Right, just a suggestion...
So keep it there for now.
> > > +
> > > + if (ms->kimage_voffset) {
> > > + machdep->flags |= NEW_VMEMMAP;
> > > +
> > > + /* if not specified in command line */
> > > + if (!kt->relocate && !(kt->flags2 &
(RELOC_AUTO|KASLR)))
> > > + kt->flags2 |= (RELOC_AUTO|KASLR);
> > > + }
> > > +
> >
> > If CONFIG_RANDOMIZE_BASE is NOT set, should RELOC_AUTO|KASLR be set? They
> > don't get set on my live system.
>
> Not necessarily, but the current implementation of derive_kaslr_offset()
> just works even in this case.
Ahah -- cool!
kt->relocate will be set to 0 in this case, we will see no difference
between KASLR and non-KASLR case.
> (This is the reason that I don't think we need a VMCOREINFO
for
> CONFIG_RANDOMIZE_BASE.)
Well, as long as there's a way to avoid that unnecessary/confusing
warning message for non-KASLR new-vmemmap kernels.
I also wonder whether makedumpfile could use it?
-> Pratyush?
> > > break;
> > >
> > > case PRE_GDB:
> > > + /* This check is somewhat redundant */
> > > + if (kernel_symbol_exists("kimage_voffset")) {
> > > + machdep->flags |= NEW_VMEMMAP;
> > > +
> > > + if (!machdep->machspec->kimage_voffset)
> > > + error(WARNING,
> > > + "kimage_voffset not identified for kaslr kernel\n");
> > > + }
> > > +
> >
> > As mentioned in the general discussion above, the WARNING above makes
> > no sense if CONFIG_RANDOMIZE_BASE is not configured.
>
> What about if I change the message "for v4.6 or later kernel"?

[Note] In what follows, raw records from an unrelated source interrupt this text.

text \<open>Write Qi = I - Vi Vi* for the projection onto ker Vi* and V = V1 V2. Because V1 and V2
  commute, ker V* = ker V1* + V1 (ker V2*) with V1 (ker V2*) = ran V1 \<inter> ker V*, and
  ran V2 \<subseteq> ran V1 as soon as V2 (ker V1*) \<subseteq> ran V1; as F1 = Q1 V2 on ker V1*, this gives
  (a) iff (b) iff (d).
  The defect operator is C = Q1 - V2 Q1 V2*, a difference of projections that are orthogonal
  under (a), with ranges ker V1* and V2 (ker V1*) = V1 (ker V2*). Conversely, a decomposition
  as in (c) makes C an involution on ker V*; as C is self-adjoint and agrees with Q1 on
  ker V2*, this forces ker V2* \<subseteq> ker V1*, and by symmetry the kernels, hence the ranges,
  coincide.
  For (e): in a BCL model the zeroth Taylor coefficients of W V1 x and W V2 x, x in the pure
  part Hp, fill U* (ran P^perp) and ran P, and (a) gives V1 Hp = V2 Hp. Conversely the Wold
  decomposition of V yields the concrete BCL triple (ker V*, V2 V2*, V2 Q1 + V1*), for which
  U (ran P) = ran P^perp says exactly V1 (ker V2*) = V2 (ker V1*).\<close>

section \<open>Hilbert-space preliminaries\<close>

lemma parallelogram_law:
  fixes a b :: "'a::real_inner"
  shows "(norm (a - b))\<^sup>2 + (norm (a + b))\<^sup>2 = 2 * (norm a)\<^sup>2 + 2 * (norm b)\<^sup>2"
  by (simp add: power2_norm_eq_inner inner_diff_left inner_diff_right inner_add_left
      inner_add_right inner_commute)

lemma convex_norm_diff_bound:
  fixes M :: "'a::real_inner set"
  assumes "convex M" "a \<in> M" "b \<in> M" "0 \<le> d" and lower: "\<And>m. m \<in> M \<Longrightarrow> d \<le> norm (x - m)"
  shows "(norm (a - b))\<^sup>2 \<le> 2 * (norm (x - a))\<^sup>2 + 2 * (norm (x - b))\<^sup>2 - 4 * d\<^sup>2"
proof -
  have "(1/2) *\<^sub>R a + (1/2) *\<^sub>R b \<in> M"
    using assms(1-3) by (rule convexD) auto
  then have "2 * d \<le> 2 * norm (x - ((1/2) *\<^sub>R a + (1/2) *\<^sub>R b))"
    using lower by simp
  also have "\<dots> = norm ((x - a) + (x - b))"
  proof -
    have "(x - a) + (x - b) = 2 *\<^sub>R (x - ((1/2) *\<^sub>R a + (1/2) *\<^sub>R b))"
      by (simp add: algebra_simps scaleR_2)
    then show ?thesis by simp
  qed
  finally have "(2 * d)\<^sup>2 \<le> (norm ((x - a) + (x - b)))\<^sup>2"
    using \<open>0 \<le> d\<close> by (intro power_mono) auto
  moreover have "(norm ((x - a) - (x - b)))\<^sup>2 + (norm ((x - a) + (x - b)))\<^sup>2
      = 2 * (norm (x - a))\<^sup>2 + 2 * (norm (x - b))\<^sup>2"
    by (rule parallelogram_law)
  moreover have "(x - a) - (x - b) = b - a" by simp
  ultimately show ?thesis by (simp add: power_mult_distrib norm_minus_commute)
qed

lemma minimizing_sequence_Cauchy:
  fixes M :: "'a::real_inner set"
  assumes "convex M" "\<And>n. ms n \<in> M" "0 \<le> d" "\<And>m. m \<in> M \<Longrightarrow> d \<le> norm (x - m)"
    and near: "\<And>n. (norm (x - ms n))\<^sup>2 < d\<^sup>2 + inverse (Suc n)"
  shows "Cauchy ms"
proof (rule metric_CauchyI)
  fix e :: real assume "e > 0"
  then obtain N :: nat where N: "inverse (Suc N) < e\<^sup>2 / 4"
    by (metis divide_pos_pos reals_Archimedean zero_less_numeral zero_less_power)
  have "dist (ms n) (ms k) < e" if "N \<le> n" "N \<le> k" for n k
  proof -
    have "inverse (real (Suc n)) \<le> inverse (Suc N)" "inverse (real (Suc k)) \<le> inverse (Suc N)"
      using that by (simp_all add: le_imp_inverse_le)
    then have "(norm (ms n - ms k))\<^sup>2 < e\<^sup>2"
      using convex_norm_diff_bound[OF assms(1) assms(2,2,3,4), of n k] near[of n] near[of k] N
      by linarith
    then show ?thesis
      using \<open>e > 0\<close> by (simp add: dist_norm power2_less_imp_less)
  qed
  then show "\<exists>N. \<forall>n\<ge>N. \<forall>k\<ge>N. dist (ms n) (ms k) < e" by blast
qed

lemma closest_point_exists_complete:
  fixes M :: "'a::{real_inner,complete_space} set"
  assumes "convex M" "closed M" "M \<noteq> {}"
  obtains y where "y \<in> M" "\<And>m. m \<in> M \<Longrightarrow> norm (x - y) \<le> norm (x - m)"
proof -
  define d where "d = infdist x M"
  have d: "0 \<le> d" "\<And>m. m \<in> M \<Longrightarrow> d \<le> norm (x - m)"
    by (auto simp: d_def infdist_nonneg dist_norm intro: infdist_le[of _ M x, simplified dist_norm])
  have "\<exists>m\<in>M. (norm (x - m))\<^sup>2 < d\<^sup>2 + inverse (Suc n)" for n
  proof -
    have "d < sqrt (d\<^sup>2 + inverse (Suc n))"
      using d(1) by (simp add: real_less_rsqrt)
    moreover have "bdd_below ((\<lambda>m. dist x m) ` M)"
      by (rule bdd_belowI[of _ 0]) auto
    ultimately obtain m where "m \<in> M" "norm (x - m) < sqrt (d\<^sup>2 + inverse (Suc n))"
      using \<open>M \<noteq> {}\<close> by (auto simp: d_def infdist_notempty cINF_less_iff dist_norm)
    then show ?thesis
      by (metis norm_ge_zero real_sqrt_less_iff real_sqrt_pow2_iff real_sqrt_unique)
  qed
  then obtain ms where ms: "\<And>n. ms n \<in> M"
    and near: "\<And>n. (norm (x - ms n))\<^sup>2 < d\<^sup>2 + inverse (Suc n)"
    by metis
  have "Cauchy ms"
    using \<open>convex M\<close> ms d near by (rule minimizing_sequence_Cauchy)
  then obtain y where y: "ms \<longlonglongrightarrow> y"
    using Cauchy_convergent_iff convergent_def by blast
  have "y \<in> M"
    using closed_sequentially[OF \<open>closed M\<close>] ms y by blast
  have "(\<lambda>n. (norm (x - ms n))\<^sup>2) \<longlonglongrightarrow> (norm (x - y))\<^sup>2"
    by (intro tendsto_intros y)
  moreover have "(\<lambda>n. d\<^sup>2 + inverse (real (Suc n))) \<longlonglongrightarrow> d\<^sup>2"
    using tendsto_add[OF tendsto_const LIMSEQ_inverse_real_of_nat] by simp
  ultimately have "(norm (x - y))\<^sup>2 \<le> d\<^sup>2"
    using near by (intro LIMSEQ_le) (auto intro: less_imp_le)
  then have "norm (x - y) \<le> d"
    using d(1) by (simp add: power2_le_iff_abs_le)
  then show ?thesis
    using that \<open>y \<in> M\<close> d(2) by force
qed

lemma orthogonal_projection_exists:
  fixes M :: "'a::{real_inner,complete_space} set"
  assumes "subspace M" "closed M"
  obtains y where "y \<in> M" "\<And>z. z \<in> M \<Longrightarrow> inner (x - y) z = 0"
proof -
  obtain y where "y \<in> M" and closest: "\<And>m. m \<in> M \<Longrightarrow> norm (x - y) \<le> norm (x - m)"
    using closest_point_exists_complete[OF subspace_imp_convex[OF \<open>subspace M\<close>] \<open>closed M\<close>]
      subspace_0[OF \<open>subspace M\<close>] by blast
  have "inner (x - y) z = 0" if "z \<in> M" "z \<noteq> 0" for z
  proof -
    define c where "c = inner (x - y) z"
    define t where "t = c / inner z z"
    have zz: "inner z z > 0" using \<open>z \<noteq> 0\<close> by simp
    have "y + t *\<^sub>R z \<in> M"
      using \<open>subspace M\<close> \<open>y \<in> M\<close> \<open>z \<in> M\<close> by (simp add: subspace_add subspace_mul)
    then have "(norm (x - y))\<^sup>2 \<le> (norm ((x - y) - t *\<^sub>R z))\<^sup>2"
      using closest by (simp add: power_mono algebra_simps)
    also have "\<dots> = (norm (x - y))\<^sup>2 - 2 * t * c + t * t * inner z z"
      by (simp add: power2_norm_eq_inner inner_diff_left inner_diff_right c_def inner_commute
          algebra_simps)
    finally have "2 * t * c \<le> t * t * inner z z" by simp
    then have "c * c \<le> 0"
      using zz by (simp add: t_def field_simps power2_eq_square)
    then show ?thesis
      by (simp add: c_def flip: power2_eq_square)
  qed
  then show ?thesis
    using that \<open>y \<in> M\<close> by (metis inner_zero_right)
qed

lemma riesz_representation:
  fixes f :: "'a::{real_inner,complete_space} \<Rightarrow> real"
  assumes "bounded_linear f"
  obtains r where "\<And>x. f x = inner x r"
proof (cases "\<forall>x. f x = 0")
  case True
  then show ?thesis using that[of 0] by simp
next
  case False
  then obtain x0 where "f x0 \<noteq> 0" by blast
  interpret f: bounded_linear f by fact
  define M where "M = {x. f x = 0}"
  have "subspace M"
    unfolding M_def subspace_def by (simp add: f.add f.scaleR f.zero)
  moreover have "closed M"
    unfolding M_def by (intro closed_Collect_eq continuous_intros f.continuous_on continuous_on_id)
  ultimately obtain y where "y \<in> M" and perp: "\<And>w. w \<in> M \<Longrightarrow> inner (x0 - y) w = 0"
    using orthogonal_projection_exists by blast
  define z where "z = x0 - y"
  have fz: "f z \<noteq> 0"
    using \<open>y \<in> M\<close> \<open>f x0 \<noteq> 0\<close> by (simp add: z_def M_def f.diff)
  then have zz: "inner z z \<noteq> 0" by auto
  have "f x = inner x ((f z / inner z z) *\<^sub>R z)" for x
  proof -
    have "inner z (x - (f x / f z) *\<^sub>R z) = 0"
      using perp[of "x - (f x / f z) *\<^sub>R z"] fz by (simp add: M_def z_def f.diff f.scaleR)
    then have "inner x z = (f x / f z) * inner z z"
      by (simp add: inner_diff_right inner_commute)
    then show ?thesis
      using fz zz by (simp add: field_simps)
  qed
  then show ?thesis by (rule that)
qed

lemma bounded_linear_adjoint_works:
  fixes T :: "'a::{real_inner,complete_space} \<Rightarrow> 'b::real_inner"
  assumes "bounded_linear T"
  shows "inner (T x) y = inner x (adjoint T y)"
proof -
  have "\<exists>r. \<forall>x. inner (T x) y = inner x r" for y
    using riesz_representation[OF bounded_linear_compose[OF bounded_linear_inner_left assms]]
    by metis
  then have "\<exists>g. \<forall>x y. inner (T x) y = inner x (g y)"
    by metis
  then show ?thesis
    unfolding adjoint_def by (rule someI2_ex) blast
qed

lemma bounded_linear_adjoint:
  fixes T :: "'a::{real_inner,complete_space} \<Rightarrow> 'b::real_inner"
  assumes "bounded_linear T"
  shows "bounded_linear (adjoint T)"
proof -
  note adj = bounded_linear_adjoint_works[OF assms]
  obtain K where K: "\<And>x. norm (T x) \<le> norm x * K" "K > 0"
    using bounded_linear.pos_bounded[OF assms] by blast
  have "linear (adjoint T)"
    by (rule linearI; rule vector_eq_ldot[THEN iffD1])
      (simp_all add: adj[symmetric] inner_add_right)
  moreover have "norm (adjoint T y) \<le> norm y * K" for y
  proof -
    have "(norm (adjoint T y))\<^sup>2 = inner (T (adjoint T y)) y"
      by (simp add: adj power2_norm_eq_inner)
    also have "\<dots> \<le> norm (T (adjoint T y)) * norm y" by (rule norm_cauchy_schwarz)
    also have "\<dots> \<le> norm (adjoint T y) * K * norm y" using K by (simp add: mult_right_mono)
    finally have "norm (adjoint T y) * norm (adjoint T y) \<le> norm (adjoint T y) * (norm y * K)"
      by (simp add: algebra_simps power2_eq_square)
    then show ?thesis
      by (cases "adjoint T y = 0") (use K(2) in auto)
  qed
  ultimately show ?thesis
    by (intro bounded_linear_intro[of _ K]) (auto simp: linear_iff)
qed

lemma adjoint_eq_iff:
  fixes T :: "'a::{real_inner,complete_space} \<Rightarrow> 'b::real_inner"
  assumes "bounded_linear T"
  shows "adjoint T = S \<longleftrightarrow> (\<forall>x y. inner (T x) y = inner x (S y))"
  using adjoint_unique bounded_linear_adjoint_works[OF assms] by metis

lemma adjoint_comp:
  fixes S T :: "'a::{real_inner,complete_space} \<Rightarrow> 'a"
  assumes "bounded_linear S" "bounded_linear T"
  shows "adjoint (S \<circ> T) = adjoint T \<circ> adjoint S"
  by (rule adjoint_unique) (simp add: bounded_linear_adjoint_works assms)

lemma adjoint_adjoint_bounded:
  fixes T :: "'a::{real_inner,complete_space} \<Rightarrow> 'a"
  assumes "bounded_linear T"
  shows "adjoint (adjoint T) = T"
  by (rule adjoint_unique) (metis bounded_linear_adjoint_works[OF assms] inner_commute)

lemma closed_orthogonal_comp:
  fixes S :: "'a::real_inner set"
  shows "closed (S\<^sup>\<bottom>)"
proof -
  have "S\<^sup>\<bottom> = (\<Inter>y\<in>S. {x. inner y x = 0})"
    by (auto simp: orthogonal_comp_def orthogonal_def)
  moreover have "closed {x. inner y x = 0}" for y :: 'a
    by (intro closed_Collect_eq continuous_intros)
  ultimately show ?thesis by auto
qed

lemma orthogonal_comp_invariant:
  fixes T :: "'a::{real_inner,complete_space} \<Rightarrow> 'a"
  assumes "bounded_linear T" "adjoint T ` S \<subseteq> S"
  shows "T ` (S\<^sup>\<bottom>) \<subseteq> S\<^sup>\<bottom>"
proof (intro image_subsetI)
  fix x assume "x \<in> S\<^sup>\<bottom>"
  have "inner (T x) y = 0" if "y \<in> S" for y
  proof -
    have "adjoint T y \<in> S" using that assms(2) by blast
    then have "inner x (adjoint T y) = 0"
      using \<open>x \<in> S\<^sup>\<bottom>\<close> by (auto simp: orthogonal_comp_def orthogonal_def inner_commute)
    then show ?thesis by (simp add: bounded_linear_adjoint_works[OF assms(1)])
  qed
  then show "T x \<in> S\<^sup>\<bottom>"
    by (simp add: orthogonal_comp_def orthogonal_def inner_commute)
qed

subclass (in complex_hilbert) banach ..

abbreviation ker_adjoint_proj :: "('a::real_inner \<Rightarrow> 'a) \<Rightarrow> 'a \<Rightarrow> 'a" where
  "ker_adjoint_proj V x \<equiv> x - V (adjoint V x)"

But again, I do not want the message at all if it's not applicable.
I removed this message.
Worse case, you could set a flag, and then if/when the crash session
ultimately craps out if it can't figure things out, then the message
could be displayed post-mortem.
> > I'm now thinking that CONFIG_RANDOMIZE_BASE (and maybe others like KASAN?)
> > should be passed in the dumpfile with VMCOREINFO_CONFIG().
>
> Regarding KASAN, we only need to check for an existence of "kasan_init"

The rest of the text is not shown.